Task to carry out>
Search the entries below for "True". Report each line where it occurs.

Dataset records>

lemma fin_pres_LA:
  assumes "finite G" and "\<forall>g\<in>G. vars g \<subseteq> {..<N}"
  shows "fin_pres L LA"
  unfolding fin_pres_def
proof (intro conjI in_VL_LA exI[of _ N] exI[of _ gen_var] exI[of _ "(\<lambda>g. (g, Neg Bot)) ` G"])
  show "assign LA gen_var" by (rule assign_gen_var)
  show "finite ((\<lambda>g. (g, Neg Bot)) ` G)" using assms(1) by simp
  show "\<forall>(s, u)\<in>(\<lambda>g. (g, Neg Bot)) ` G. vars s \<subseteq> {..<N} \<and> vars u \<subseteq> {..<N}"
    using assms(2) by auto
  show "mcar LA = {eval LA gen_var p |p. vars p \<subseteq> {..<N}}"
    unfolding LA_car using eval_gen_var by metis
  have "cls g = cls (Neg Bot)" if "g \<in> G" for g
    by (rule eqv_cls, unfold eqv_def, rule derives_by_pval1[OF derives_hyp[OF that]]) simp
  then show "\<forall>(s, u)\<in>(\<lambda>g. (g, Neg Bot)) ` G. eval LA gen_var s = eval LA gen_var u"
    using assms(2) eval_gen_var eval_gen_var[of "Neg Bot"] by auto
  show "\<forall>p q. vars p \<subseteq> {..<N} \<longrightarrow> vars q \<subseteq> {..<N} \<longrightarrow>
      eval LA gen_var p = eval LA gen_var q \<longrightarrow>
      (\<forall>(B :: nat malg) b. in_VL L B \<longrightarrow> assign B b \<longrightarrow>
        (\<forall>(s, u)\<in>(\<lambda>g. (g, Neg Bot)) ` G. eval B b s = eval B b u) \<longrightarrow> eval B b p = eval B b q)"
  proof (intro allI impI)
    fix p q and B :: "nat malg" and b
    assume "vars p \<subseteq> {..<N}" "vars q \<subseteq> {..<N}" "eval LA gen_var p = eval LA gen_var q"
      and B: "in_VL L B" and b: "assign B b"
      and hyps: "\<forall>(s, u)\<in>(\<lambda>g. (g, Neg Bot)) ` G. eval B b s = eval B b u"
    then have "derives G (Iff p q)" using eval_gen_var cls_eq unfolding eqv_def by simp
    moreover have "\<forall>g\<in>G. eval B b g = mtop B"
      using hyps malg_compl_bot B unfolding in_VL_def by auto
    ultimately show "eval B b p = eval B b q" using derives_sound[OF B b] by blast
  qed
qed

lemma gen_gen_var_cls:
  assumes V: "V \<subseteq> {..<N}" and z: "z \<in> gen LA (gen_var ` V)"
  shows "\<exists>q. vars q \<subseteq> V \<and> z = cls q"
proof -
  obtain v p where z_eq: "z = eval LA v p" and v: "\<forall>i. v i \<in> insert (mbot LA) (gen_var ` V)"
    using z unfolding gen_def by blast
  define \<sigma> where "\<sigma> i = (if v i \<in> gen_var ` V then Var (SOME j. j \<in> V \<and> v i = gen_var j) else Bot)"
    for i
  have \<sigma>: "v i = cls (\<sigma> i) \<and> vars (\<sigma> i) \<subseteq> V" for i
  proof (cases "v i \<in> gen_var ` V")
    case True
    then have "\<exists>j. j \<in> V \<and> v i = gen_var j" by blast
    define j where "j = (SOME j. j \<in> V \<and> v i = gen_var j)"
    have j: "j \<in> V \<and> v i = gen_var j"
      unfolding j_def by (rule someI_ex) fact
    moreover have "\<sigma> i = Var j" using True unfolding \<sigma>_def j_def by simp
    ultimately show ?thesis using V unfolding gen_var_def by auto
  next
    case False
    then show ?thesis using v unfolding \<sigma>_def by auto
  qed
  then have "v = (\<lambda>i. cls (\<sigma> i))" and "\<forall>i. vars (\<sigma> i) \<subseteq> {..<N}"
    using V by auto
  then have "z = cls (subst \<sigma> p)"
    using eval_LA_cls z_eq by simp
  moreover have "vars (subst \<sigma> p) \<subseteq> V" unfolding vars_subst using \<sigma> by blast
  ultimately show ?thesis by blast
qed


lemma fin_pres_gen_gen_var:
  assumes "coherent L" and "finite G" and "\<forall>g\<in>G. vars g \<subseteq> {..<N}" and V: "V \<subseteq> {..<N}"
  shows "fin_pres L (LA\<lparr>mcar := gen LA (gen_var ` V)\<rparr>)"
proof -
  have "gen_var ` V \<subseteq> mcar LA"
    using assign_gen_var unfolding assign_def by blast
  moreover have "finite (gen_var ` V)"
    using finite_subset[OF V] by simp
  ultimately show ?thesis
    using assms(1) fin_pres_LA[OF assms(2,3)] unfolding coherent_def by blast
qed

text \<open>The data coherence provides for the subalgebra generated by the variables in V: the
  generators are the classes of the formulas qf i over V, each variable j is recovered from them
  as rf j, and the finitely many equations E between the generators entail all others.\<close>

lemma coherent_presentation:
  assumes "coherent L" and "finite G" and "\<forall>g\<in>G. vars g \<subseteq> {..<N}" and V: "V \<subseteq> {..<N}"
  obtains n E qf rf where
    "finite E" and "\<And>i. vars (qf i) \<subseteq> V" and "\<And>j. j \<in> V \<Longrightarrow> vars (rf j) \<subseteq> {..<n}"
    and "\<And>s u. (s, u) \<in> E \<Longrightarrow> derives G (Iff (subst qf s) (subst qf u))"
    and "\<And>j. j \<in> V \<Longrightarrow> derives G (Iff (subst qf (rf j)) (Var j))"
    and "\<And>P Q (M :: nat malg) b. vars P \<subseteq> {..<n} \<Longrightarrow> vars Q \<subseteq> {..<n} \<Longrightarrow>
      derives G (Iff (subst qf P) (subst qf Q)) \<Longrightarrow> in_VL L M \<Longrightarrow> assign M b \<Longrightarrow>
      \<forall>(s, u)\<in>E. eval M b s = eval M b u \<Longrightarrow> eval M b P = eval M b Q"
proof -
  define B where "B = LA\<lparr>mcar := gen LA (gen_var ` V)\<rparr>"
  have "fin_pres L B"
    unfolding B_def by (rule fin_pres_gen_gen_var[OF assms])
  then obtain n a E where a: "assign B a" and E: "finite E"
    and car: "mcar B = {eval B a p | p. vars p \<subseteq> {..<n}}"
    and E_holds: "\<forall>(s, u)\<in>E. eval B a s = eval B a u"
    and cons: "\<forall>p q. vars p \<subseteq> {..<n} \<longrightarrow> vars q \<subseteq> {..<n} \<longrightarrow> eval B a p = eval B a q \<longrightarrow>
      (\<forall>(M :: nat malg) b. in_VL L M \<longrightarrow> assign M b \<longrightarrow>
        (\<forall>(s, u)\<in>E. eval M b s = eval M b u) \<longrightarrow> eval M b p = eval M b q)"
    unfolding fin_pres_def by blast
  have eval_B: "eval B v p = eval LA v p" for v p
    unfolding B_def by (rule eval_carrier_update)
  have "\<forall>i. \<exists>q. vars q \<subseteq> V \<and> a i = cls q"
    using a gen_gen_var_cls[OF V] unfolding assign_def B_def by simp
  then obtain qf where qf: "\<And>i. vars (qf i) \<subseteq> V" "a = (\<lambda>i. cls (qf i))"
    by metis
  have eval_a: "eval B a p = cls (subst qf p)" for p
    unfolding eval_B qf(2) using qf(1) V by (intro eval_LA_cls) blast
  have "\<forall>j\<in>V. \<exists>r. vars r \<subseteq> {..<n} \<and> gen_var j = eval B a r"
  proof
    fix j assume "j \<in> V"
    then have "gen_var j \<in> mcar B"
      unfolding B_def gen_def by (force intro!: exI[of _ "Var 0"])
    then show "\<exists>r. vars r \<subseteq> {..<n} \<and> gen_var j = eval B a r" using car by blast
  qed
  then obtain rf where rf: "\<And>j. j \<in> V \<Longrightarrow> vars (rf j) \<subseteq> {..<n} \<and> gen_var j = eval B a (rf j)"
    by metis
  show ?thesis
  proof (rule that[OF E qf(1)])
    show "vars (rf j) \<subseteq> {..<n}" if "j \<in> V" for j
      using rf that by blast
    show "derives G (Iff (subst qf s) (subst qf u))" if "(s, u) \<in> E" for s u
      using E_holds that eval_a cls_eq unfolding eqv_def by fastforce
    show "derives G (Iff (subst qf (rf j)) (Var j))" if j: "j \<in> V" for j
    proof -
      have "gen_var j = cls (Var j)" using j V unfolding gen_var_def by auto
      then show ?thesis using rf[OF j] eval_a cls_eq unfolding eqv_def by simp
    qed
    show "eval M b P = eval M b Q"
      if "vars P \<subseteq> {..<n}" "vars Q \<subseteq> {..<n}" "derives G (Iff (subst qf P) (subst qf Q))"
        "in_VL L M" "assign M b" "\<forall>(s, u)\<in>E. eval M b s = eval M b u"
      for P Q and M :: "nat malg" and b
      using that cons eval_a cls_eq unfolding eqv_def by auto
  qed
qed

end

context lindenbaum
begin

lemma from_nat_LA_ops:
  "derives G (Iff (from_nat (mmeet LA a b)) (And (from_nat a) (from_nat b)))"
  "derives G (Iff (from_nat (mjoin LA a b)) (Or (from_nat a) (from_nat b)))"
  "derives G (Iff (from_nat (mcompl LA a)) (Neg (from_nat a)))"
  "derives G (Iff (from_nat (mbot LA)) Bot)"
  "derives G (Iff (from_nat (mtop LA)) (Neg Bot))"
  unfolding LA_ops LA_cls_simps from_nat_cls by (rule derives_Iff_rep)+

lemma ultrafilterD:
  assumes "ultrafilter LA U"
  shows "U \<subseteq> mcar LA" "mtop LA \<in> U" "mbot LA \<notin> U"
    "a \<in> U \<Longrightarrow> b \<in> U \<Longrightarrow> mmeet LA a b \<in> U"
    "a \<in> U \<Longrightarrow> b \<in> mcar LA \<Longrightarrow> mmeet LA a b = a \<Longrightarrow> b \<in> U"
    "a \<in> mcar LA \<Longrightarrow> a \<in> U \<or> mcompl LA a \<in> U"
  using assms unfolding ultrafilter_def by blast+

lemma ultrafilter_Conjs:
  assumes U: "ultrafilter LA U"
  shows "set as \<subseteq> U \<Longrightarrow> cls (Conjs (map from_nat as)) \<in> U"
proof (induct as)
  case Nil
  then show ?case using ultrafilterD(2)[OF U] by simp
next
  case (Cons a as)
  then have "mmeet LA a (cls (Conjs (map from_nat as))) \<in> U"
    using ultrafilterD(4)[OF U] by simp
  moreover have "mmeet LA a (cls (Conjs (map from_nat as))) = cls (Conjs (map from_nat (a # as)))"
    unfolding LA_ops by (simp, rule eqv_cls, rule eqv_And, rule eqv_refl, rule eqv_rep)
  ultimately show ?case by simp
qed

lemma ultrafilter_derives_closed:
  assumes U: "ultrafilter LA U" and as: "set as \<subseteq> U" and b: "b \<in> mcar LA"
    and "derives G (Imp (Conjs (map from_nat as)) (from_nat b))"
  shows "b \<in> U"
proof -
  let ?c = "Conjs (map from_nat as)"
  have "mmeet LA (cls ?c) b = cls (And ?c (from_nat b))"
    using cls_from_nat[OF b] by (metis LA_cls_simps(2))
  also have "\<dots> = cls ?c"
    by (rule eqv_cls, unfold eqv_def, rule derives_by_pval1[OF assms(4)]) auto
  finally show ?thesis using ultrafilterD(5)[OF U ultrafilter_Conjs[OF U as] b] by simp
qed

lemma ultrafilter_derives_mono:
  assumes U: "ultrafilter LA U" and "a \<in> U" "b \<in> mcar LA"
    and "derives G (Imp (from_nat a) (from_nat b))"
  shows "b \<in> U"
  by (rule ultrafilter_derives_closed[OF U, of "[a]"])
    (use assms in \<open>auto elim!: derives_by_pval1\<close>)

lemma ultrafilter_consistent:
  assumes U: "ultrafilter LA U" and as: "set as \<subseteq> U"
  shows "\<not> derives G (Neg (Conjs (map from_nat as)))"
proof
  assume "derives G (Neg (Conjs (map from_nat as)))"
  then have "derives G (Imp (Conjs (map from_nat as)) (from_nat (mbot LA)))"
    by (rule derives_by_pval2[OF _ from_nat_LA_ops(4)]) auto
  then show False
    using ultrafilter_derives_closed[OF U as LA_closed(1)] ultrafilterD(3)[OF U] by blast
qed

lemma ultrafilter_meet_iff:
  assumes U: "ultrafilter LA U" and a: "a \<in> mcar LA" and b: "b \<in> mcar LA"
  shows "mmeet LA a b \<in> U \<longleftrightarrow> a \<in> U \<and> b \<in> U"
proof
  assume ab: "mmeet LA a b \<in> U"
  have "derives G (Imp (from_nat (mmeet LA a b)) (from_nat a))"
    "derives G (Imp (from_nat (mmeet LA a b)) (from_nat b))"
    by (rule derives_by_pval1[OF from_nat_LA_ops(1)[of a b]], auto)+
  then show "a \<in> U \<and> b \<in> U"
    using ultrafilter_derives_mono[OF U ab] a b by blast
qed (use ultrafilterD(4)[OF U] in blast)

lemma ultrafilter_compl_iff:
  assumes U: "ultrafilter LA U" and a: "a \<in> mcar LA"
  shows "mcompl LA a \<in> U \<longleftrightarrow> a \<notin> U"
proof
  assume "mcompl LA a \<in> U"
  then have "a \<in> U \<Longrightarrow> set [a, mcompl LA a] \<subseteq> U" by simp
  moreover have "derives G (Neg (Conjs (map from_nat [a, mcompl LA a])))"
    by (rule derives_by_pval1[OF from_nat_LA_ops(3)[of a]]) auto
  ultimately show "a \<notin> U" using ultrafilter_consistent[OF U] by blast
qed (use ultrafilterD(6)[OF U a] in blast)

Exercise answer>
    case True
    moreover have "\<sigma> i = Var j" using True unfolding \<sigma>_def j_def by simp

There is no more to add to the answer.